‘Yellowjackets’ Season 2 opens with Sharon Van Etten’s excellent track “Seventeen”

Returning to the chilly brutality of the wilderness for Season 2, Yellowjackets immediately reminds us that our misplaced protagonists are nonetheless, the truth is, youngsters, with one completely chosen track.

Directed by Daisy von Scherler Mayer, the primary episode takes you proper again to the woods, with the season’s opening photographs hovering over the awful, wild panorama and creeping again into the cabin of Camp Yellowjackets. And with this return comes Sharon Van Etten’s regular, hovering, anthem for late teenhood and the discomfort of fast change, “Seventeen.”


‘Yellowjackets’ Season 2 Episode 1 kicks off with our first chew — and an equally massive clue

The observe, taken from Van Etten’s 2019 banger of an album, Remind Me Tomorrow, builds because the collection re-introduces the crew members one after the other, sleeping of their makeshift beds, nonetheless misplaced within the woods with no rescue on the horizon. They don’t seem to be all slumbering, nonetheless, as Travis and Natalie gear as much as hunt recreation and seek for a lacking Javi. No, these aren’t common actions for suburban teen soccer gamers.

A group of teens sleep snuggled together on a cabin flood beside a fire.

Credit score: Kailey Schwerman/SHOWTIME.

Subsequent, “Seventeen” follows the Yellowjackets out of the wilderness to scenes of their rescue, scoring Lottie’s expertise of being dedicated to a psychiatric establishment and electroconvulsive remedy by her mother and father. Within the first scenes of Yellowjackets Season 2, we’re firmly reminded of the characters’ youth, and the brutality of sudden change — or moderately, misplaced time.

Van Etten co-wrote “Seventeen” with songwriter Kate Davis about residing in New York, reflecting on the disillusionment that comes with revisiting a neighbourhood you spent cherished time in throughout your youth, and seeing not solely the way it’s modified however the way it’s populated by shiny new teenagers: “I was free/I was seventeen/Comply with my shadow/Round your nook/I was seventeen/Now you are identical to me.” Chatting with the track’s producer John Congleton, on podcast Tune Exploder(Opens in a brand new tab), Van Etten mirrored on the pivotal shift within the track when she screams, “I do know what you are gonna be.”

“In that explosive second, who had been you picturing you had been singing to?” asks Congleton.

“Me. Like younger me in New York that thought I knew every thing. However I additionally envision my mother simply singing that to me too, you realize. The extra that I lived with it and labored on it, it felt like a multi sort of generational track. I want that I had listened to her when she would give me recommendation or say that I might be open along with her. And I simply, I used to be so closed off and I didn’t settle for like her assist or steerage, and I believed I knew higher.

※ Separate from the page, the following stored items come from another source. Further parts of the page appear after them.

lemma simple_graph_finite_edges:
  assumes "simple_graph V E"
  shows "finite E"
proof -
  have "E \<subseteq> Pow V" "finite V"
    using assms unfolding simple_graph_def by auto
  then show ?thesis
    by (meson finite_Pow_iff finite_subset)
qed

lemma deg_insert_edge:
  assumes "finite E" "e \<notin> E"
  shows "deg (insert e E) w = deg E w + (if w \<in> e then 1 else 0)"
proof -
  have "{e' \<in> insert e E. w \<in> e'} = (if w \<in> e then insert e {e' \<in> E. w \<in> e'} else {e' \<in> E. w \<in> e'})"
    by auto
  then show ?thesis
    using assms by (simp add: deg_def)
qed

lemma deg_replace_edge:
  assumes "finite E" "p \<in> E" "q \<notin> E"
  shows "deg ((E - {p}) \<union> {q}) w + (if w \<in> p then 1 else 0) = deg E w + (if w \<in> q then 1 else 0)"
proof -
  have "deg E w = deg (E - {p}) w + (if w \<in> p then 1 else 0)"
    using assms(1,2) deg_insert_edge[of "E - {p}" p w] by (simp add: insert_absorb)
  moreover have "deg ((E - {p}) \<union> {q}) w = deg (E - {p}) w + (if w \<in> q then 1 else 0)"
    using assms(1,3) deg_insert_edge[of "E - {p}" q w] by simp
  ultimately show ?thesis
    by simp
qed

lemma deg_pos:
  assumes "finite E" "e \<in> E" "w \<in> e"
  shows "0 < deg E w"
  unfolding deg_def using assms card_gt_0_iff by fastforce

lemma deg_mono:
  assumes "finite E'" "E \<subseteq> E'"
  shows "deg E w \<le> deg E' w"
  unfolding deg_def using assms by (intro card_mono) auto

lemma deg_eq_on_subset:
  assumes "E' \<subseteq> E" "\<forall>e \<in> E - E'. w \<notin> e"
  shows "deg E w = deg E' w"
proof -
  have "{e \<in> E. w \<in> e} = {e \<in> E'. w \<in> e}"
    using assms by blast
  then show ?thesis
    by (simp add: deg_def)
qed

lemma finite_path_edges: "finite (path_edges xs)"
proof -
  have "path_edges xs = (\<lambda>i. {xs ! i, xs ! Suc i}) ` {..<length xs - 1}"
    unfolding path_edges_def by auto
  then show ?thesis
    by simp
qed

lemma path_edges_subset: "e \<in> path_edges xs \<Longrightarrow> e \<subseteq> set xs"
  unfolding path_edges_def by auto

lemma path_edges_Cons:
  assumes "xs \<noteq> []"
  shows "path_edges (a # xs) = insert {a, hd xs} (path_edges xs)"
proof (intro equalityI subsetI)
  fix e assume "e \<in> path_edges (a # xs)"
  then obtain i where "Suc i < Suc (length xs)" "e = {(a # xs) ! i, (a # xs) ! Suc i}"
    by (auto simp: path_edges_def)
  then show "e \<in> insert {a, hd xs} (path_edges xs)"
    using assms by (cases i) (auto simp: path_edges_def hd_conv_nth)
next
  fix e assume "e \<in> insert {a, hd xs} (path_edges xs)"
  then consider "e = {(a # xs) ! 0, (a # xs) ! Suc 0}"
    | i where "Suc i < length xs" "e = {(a # xs) ! Suc i, (a # xs) ! Suc (Suc i)}"
    using assms by (auto simp: path_edges_def hd_conv_nth)
  then show "e \<in> path_edges (a # xs)"
  proof cases
    case 1
    then show ?thesis
      using assms unfolding path_edges_def by (intro CollectI exI[of _ 0]) simp
  next
    case (2 i)
    then show ?thesis
      unfolding path_edges_def by (intro CollectI exI[of _ "Suc i"]) simp
  qed
qed

lemma path_edges_attach_two_paths:
  assumes "us \<noteq> []" "vs \<noteq> []"
  shows "E \<union> path_edges us \<union> path_edges vs \<union> {{hd us, x}, {hd vs, y}} =
    E \<union> path_edges (x # us) \<union> path_edges (y # vs)"
  unfolding path_edges_Cons[OF assms(1)] path_edges_Cons[OF assms(2)] by (auto simp: insert_commute)

lemma path_edges_containing_nth:
  assumes "distinct xs" "i < length xs"
  shows "{e \<in> path_edges xs. xs ! i \<in> e} =
    (if 0 < i then {{xs ! (i - 1), xs ! i}} else {}) \<union>
    (if Suc i < length xs then {{xs ! i, xs ! Suc i}} else {})"
proof (intro equalityI subsetI)
  fix e assume "e \<in> {e \<in> path_edges xs. xs ! i \<in> e}"
  then obtain j where j: "Suc j < length xs" "e = {xs ! j, xs ! Suc j}" "xs ! i \<in> e"
    by (auto simp: path_edges_def)
  then have "i = j \<or> i = Suc j"
    using assms by (auto simp: nth_eq_iff_index_eq)
  then show "e \<in> (if 0 < i then {{xs ! (i - 1), xs ! i}} else {}) \<union>
    (if Suc i < length xs then {{xs ! i, xs ! Suc i}} else {})"
    using j by auto
next
  fix e assume "e \<in> (if 0 < i then {{xs ! (i - 1), xs ! i}} else {}) \<union>
    (if Suc i < length xs then {{xs ! i, xs ! Suc i}} else {})"
  then consider "0 < i" "e = {xs ! (i - 1), xs ! Suc (i - 1)}" | "Suc i < length xs" "e = {xs ! i, xs ! Suc i}"
    by (auto split: if_splits)
  then show "e \<in> {e \<in> path_edges xs. xs ! i \<in> e}"
    using assms(2) unfolding path_edges_def by cases (auto intro!: exI)
qed

lemma deg_path_edges_le_2:
  assumes "distinct xs"
  shows "deg (path_edges xs) w \<le> 2"
proof (cases "w \<in> set xs")
  case True
  then obtain i where i: "i < length xs" "w = xs ! i"
    by (auto simp: in_set_conv_nth)
  have "deg (path_edges xs) w = card ((if 0 < i then {{xs ! (i - 1), xs ! i}} else {}) \<union>
      (if Suc i < length xs then {{xs ! i, xs ! Suc i}} else {}))"
    unfolding deg_def i(2) path_edges_containing_nth[OF assms i(1)] ..
  also have "\<dots> \<le> 2"
    by (rule order_trans[OF card_Un_le]) simp
  finally show ?thesis .
next
  case False
  then have "{e \<in> path_edges xs. w \<in> e} = {}"
    using path_edges_subset by blast
  then show ?thesis
    unfolding deg_def by (metis card.empty zero_le)
qed

lemma deg_path_edges_interior:
  assumes "distinct xs" "0 < i" "Suc i < length xs"
  shows "deg (path_edges xs) (xs ! i) = 2"
proof -
  have "xs ! (i - 1) \<noteq> xs ! i" "xs ! (i - 1) \<noteq> xs ! Suc i"
    using assms by (simp_all add: nth_eq_iff_index_eq)
  then show ?thesis
    using assms by (simp add: deg_def path_edges_containing_nth doubleton_eq_iff)
qed
theorem proposition5p3:
  fixes R :: "('a, 'b) ring_scheme" and f :: "nat \<Rightarrow> 'a" and n :: nat and I :: "'a set"
  assumes "cring R" and "noetherian_ring R"
    and "f ` {..<n} \<subseteq> carrier R" and "I = Idl\<^bsub>R\<^esub> (f ` {..<n})"
  shows "(\<forall>i<n. (preimage_sigma R I (basic_open R (f i))
                    :: ((nat \<Rightarrow> 'a set) \<Rightarrow> 'g::linordered_ab_group_add option) set)
                 = (\<Union>k. W_ik R I f n i k))
       \<and> (preimage_sigma R I (compl_V R I) :: ((nat \<Rightarrow> 'a set) \<Rightarrow> 'g option) set)
           = (\<Union>i<n. preimage_sigma R I (basic_open R (f i)))
       \<and> (preimage_sigma R I (compl_V R I) :: ((nat \<Rightarrow> 'a set) \<Rightarrow> 'g option) set)
           = (\<Union>i<n. \<Union>k. W_ik R I f n i k)"
proof -
  interpret cring R by fact
  have W_i: "(preimage_sigma R I (basic_open R (f i)) :: ((nat \<Rightarrow> 'a set) \<Rightarrow> 'g option) set)
      = (\<Union>k. W_ik R I f n i k)" if "i < n" for i
    using preimage_sigma_basic_open_eq_UN_W_ik[OF assms(3,4) that] .
  have "compl_V R I = (\<Union>i<n. basic_open R (f i))"
    using compl_V_genideal[OF assms(3)] assms(4) by simp
  then have W: "(preimage_sigma R I (compl_V R I) :: ((nat \<Rightarrow> 'a set) \<Rightarrow> 'g option) set)
      = (\<Union>i<n. preimage_sigma R I (basic_open R (f i)))"
    by (auto simp: preimage_sigma_def)
  show ?thesis using W_i W by simp
qed

end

“For some motive, every time a dad or mum provides you recommendation or says that they know or they perceive, like as a child you simply do not imagine them, that they ever had been a human being, you realize. The older I get, and now particularly I’ve a son, I am increasingly like my mom than I ever realized. You already know, I believe as you grow old and you’ve got increasingly hindsight, hopefully, you’ll be able to forgive who you had been, you’ll be able to forgive your self. You’ll be able to have extra of an understanding of the place you had been coming from and likewise the place your mother and father had been coming from. It is positively a message to her, to myself. It is an apology, nevertheless it’s additionally forgiveness. You already know, I really feel prefer it’s giving me slightly little bit of closure on my previous and acknowledging the weaknesses but additionally embracing them.”

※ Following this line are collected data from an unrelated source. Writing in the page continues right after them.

lemma add_le_sum:
  fixes g :: "'a \<Rightarrow> 'b::ordered_comm_monoid_add"
  assumes "finite S" "a \<in> S" "b \<in> S" "a \<noteq> b" "\<And>s. s \<in> S \<Longrightarrow> 0 \<le> g s"
  shows "g a + g b \<le> sum g S"
proof -
  have "sum g {a, b} \<le> sum g S"
    using assms by (intro sum_mono2) auto
  then show ?thesis using assms(4) by simp
qed

lemma three_le_sum_if_inj:
  fixes g :: "'a \<Rightarrow> nat"
  assumes "finite S" "2 \<le> card S" "inj_on g S" "\<And>s. s \<in> S \<Longrightarrow> 0 < g s"
  shows "3 \<le> sum g S"
proof -
  have "\<not> (\<forall>a\<in>S. \<forall>b\<in>S. a = b)"
    using assms(2) card_le_Suc0_iff_eq[OF assms(1)] by auto
  then obtain a b where ab: "a \<in> S" "b \<in> S" "a \<noteq> b" by blast
  then have "g a \<noteq> g b" "0 < g a" "0 < g b"
    using assms(3,4) by (auto simp: inj_on_def)
  moreover have "g a + g b \<le> sum g S"
    using assms(1) ab by (rule add_le_sum) simp
  ultimately show ?thesis by linarith
qed

lemma sum_less_sum_if_dominated:
  fixes g :: "'a \<Rightarrow> nat"
  assumes "finite A" "A \<noteq> {}" "card B \<le> card A"
    and "\<And>a. a \<in> A \<Longrightarrow> 0 < g a" and "\<And>a b. a \<in> A \<Longrightarrow> b \<in> B \<Longrightarrow> g b < g a"
  shows "sum g B < sum g A"
proof -
  define \<mu> where "\<mu> = Min (g ` A)"
  have "\<mu> \<in> g ` A"
    using assms(1,2) unfolding \<mu>_def by simp
  then obtain a where "a \<in> A" "g a = \<mu>" by blast
  then have "\<mu> > 0" "\<forall>b\<in>B. g b \<le> \<mu> - 1"
    using assms(4,5) by (fastforce intro: less_imp_le_nat)+
  then have "sum g B \<le> card B * (\<mu> - 1)"
    using sum_bounded_above[of B g "\<mu> - 1"] by simp
  also have "\<dots> \<le> card A * (\<mu> - 1)"
    using assms(3) by simp
  also have "\<dots> < card A * \<mu>"
    using \<open>\<mu> > 0\<close> assms(1,2) by (simp add: card_gt_0_iff)
  also have "\<dots> \<le> sum g A"
    using sum_bounded_below[of A \<mu> g] assms(1) unfolding \<mu>_def by simp
  finally show ?thesis .
qed

locale dominating_pair =
  fixes V :: "'a set" and E :: "'a set set" and x y :: 'a
  assumes graph: "simple_graph V E"
    and x_in_V: "x \<in> V" and y_in_V: "y \<in> V" and x_ne_y: "x \<noteq> y"
    and dominating: "closed_nbhd E x \<union> closed_nbhd E y = V"
begin

definition W :: "'a set" where "W = V - {x, y}"
definition A :: "'a set" where "A = nbhd E x - {y}"
definition B :: "'a set" where "B = nbhd E y - {x}"
definition C :: "'a set" where "C = A \<inter> B"
definition F :: "'a set set" where "F = {e \<in> E. e \<subseteq> W}"

lemma finite_W: "finite W"
  using graph unfolding W_def simple_graph_def by simp

lemma x_notin_W: "x \<notin> W" and y_notin_W: "y \<notin> W"
  unfolding W_def by auto

lemma V_eq: "V = insert x (insert y W)"
  using x_in_V y_in_V unfolding W_def by auto

lemma A_subset_W: "A \<subseteq> W" and B_subset_W: "B \<subseteq> W"
  using simple_graph_nbhd_subset[OF graph] unfolding A_def B_def W_def by blast+

lemma W_eq: "W = A \<union> B"
  using A_subset_W B_subset_W dominating
  unfolding W_def A_def B_def closed_nbhd_def by auto

lemma finite_A: "finite A" and finite_B: "finite B" and finite_C: "finite C"
  using finite_W W_eq unfolding C_def by (auto intro: finite_subset)

lemma C_subset_A: "C \<subseteq> A" and C_subset_B: "C \<subseteq> B"
  unfolding C_def by auto

lemma edge_x_iff: "w \<in> W \<Longrightarrow> {w, x} \<in> E \<longleftrightarrow> w \<in> A"
  using y_notin_W unfolding A_def nbhd_def by auto

lemma edge_y_iff: "w \<in> W \<Longrightarrow> {w, y} \<in> E \<longleftrightarrow> w \<in> B"
  using x_notin_W unfolding B_def nbhd_def by auto

lemma simple_graph_F: "simple_graph V F"
  using graph unfolding F_def by (rule simple_graph_subset) auto

lemma finite_F: "finite F"
  using simple_graph_F by (rule simple_graph_finite_edges)

lemma degree_x: "degree E x = card A + of_bool ({x, y} \<in> E)"
proof (cases "{x, y} \<in> E")
  case True
  then have "nbhd E x = insert y A" "y \<notin> A"
    unfolding A_def nbhd_def by (auto simp: insert_commute)
  then show ?thesis using True finite_A by (simp add: degree_def)
next
  case False
  then have "nbhd E x = A"
    unfolding A_def nbhd_def by (auto simp: insert_commute)
  then show ?thesis using False by (simp add: degree_def)
qed

lemma degree_y: "degree E y = card B + of_bool ({x, y} \<in> E)"
proof (cases "{x, y} \<in> E")
  case True
  then have "nbhd E y = insert x B" "x \<notin> B"
    unfolding B_def nbhd_def by auto
  then show ?thesis using True finite_B by (simp add: degree_def)
next
  case False
  then have "nbhd E y = B"
    unfolding B_def nbhd_def by auto
  then show ?thesis using False by (simp add: degree_def)
qed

To me, the track’s strongest use in a TV collection lies in Netflix’s Intercourse Schooling, in probably the most transferring episode of the collection. Primarily based on author Laurie Nunn’s private expertise, Season 2, episode 7 centres on Aimee Gibbs’ (Aimée Lou Wooden) sexual assault. On the very finish of the episode, after Aimee has confided in her fellow feminine classmates that she’s unable to get again on the bus the place the assault occurred, there’s a wonderful second of solidarity once they share their very own experiences of assault and harassment. Later, in probably the most highly effective scenes I’ve watched on TV, Aimee’s mates flip up on the bus cease to help her, as Van Etten’s “Seventeen” builds.

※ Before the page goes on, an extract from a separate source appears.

(* Let $\mathbb{F}$ be an archimedean partially ordered field. Then $\mathbb{F}$ is localizable and the extended Gelfand transformation $\widehat{\cdot}\colon\mathbb{F}\to\mathscr{C}_{\mathrm{a.e.}}(\mathcal{K}(\mathbb{F}))$ is a positive ring morphism and an order embedding.
   Context: All rings are commutative with unit $1$; ring morphisms are unital. A partially ordered commutative ring is a commutative ring $R$ with a partial order $\le$ such that $r\le s$ implies $r+t\le s+t$, and whose positive cone $R^+=\{r:0\le r\}$ is closed under multiplication and contains all squares. A partially ordered field is a partially ordered commutative ring in which every nonzero element is invertible. A ring morphism $\Phi$ is positive if $\Phi(R^+)\subseteq S^+$, an order embedding if it is positive and $\Phi^{-1}(S^+)\subseteq R^+$. $\mathbb{N}=\{1,2,\dots\}$, $\mathbb{N}_0=\mathbb{N}\cup\{0\}$. $R$ is archimedean if $kg+h\in R^+$ for all $k\in\mathbb{N}$ implies $g\in R^+$. $\mathrm{Loc}(R)$ is the set of $s\in1+R^+$ such that $rs\in R^+$ implies $r\in R^+$ for all $r\in R$; $R$ is localizable if every $r$ satisfies $-s\le r\le s$ for some $s\in\mathrm{Loc}(R)$. For a topological space $X$: $\mathscr{C}_{\mathrm{a.e.}}(X)$ is the set of continuous real functions defined on dense open subsets of $X$ modulo $f\approx g$ iff $f,g$ agree on some dense open subset of $\operatorname{dom}f\cap\operatorname{dom}g$, with operations pointwise on the intersection of domains, and order $[f]\le[g]$ iff $f\le g$ pointwise on some dense open subset of $\operatorname{dom}f\cap\operatorname{dom}g$. $R_{\mathrm{loc}}$: fractions $r/s$ ($r\in R$, $s\in\mathrm{Loc}(R)$), $r/s=r'/s'$ iff $rs'=r's$, usual operations, $p/q\le r/s$ iff $ps\le rq$. $R^{\mathrm{bd}}_{\mathrm{loc}}=\{a\in R_{\mathrm{loc}}:\exists n\in\mathbb{N}_0,\ -n\le a\le n\}$. $\mathcal{K}(R)$: the ring morphisms $\varphi\colon R^{\mathrm{bd}}_{\mathrm{loc}}\to\mathbb{R}$ with $\varphi(a)\ge0$ for $a\ge0$, with the weak-$*$ topology. $\mathrm{O}_{s<\infty}=\{\varphi\in\mathcal{K}(R):\varphi(1/s)>0\}$ for $s\in\mathrm{Loc}(R)$; for archimedean localizable $R$ these are dense open subsets of $\mathcal{K}(R)$. The extended Gelfand transformation sends $r\in R$ to the class $\widehat r\in\mathscr{C}_{\mathrm{a.e.}}(\mathcal{K}(R))$ of the continuous function $r_s\colon\mathrm{O}_{s<\infty}\to\mathbb{R}$, $\varphi\mapsto\varphi(1/s)^{-1}\varphi(r/s)$, where $s\in\mathrm{Loc}(R)$ is any element with $r/s\in R^{\mathrm{bd}}_{\mathrm{loc}}$ (the class does not depend on $s$). *)

theory Defs
  imports "HOL-Analysis.Analysis"
begin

Regardless of being particularly linked to her New York expertise and her frustrations at neighborhoods, venues, and locations from her youth changing into unfamiliar, Van Etten’s “Seventeen” has a broader thematic energy when deployed in TV representations of youth ladies. The track successfully encapsulates the discomfort of fast change for characters in each Yellowjackets and Intercourse Schooling, and the bizarre feeling of current nostalgia, of rising up quicker than you need to need to. An ideal music alternative.

Yellowjackets Season 2 premieres March 24 on Showtime’s web site and app, with new episodes launched weekly on Fridays(opens in a brand new tab). Episodes additionally air each Sunday on Showtime at 9 p.m. ET, beginning March 26.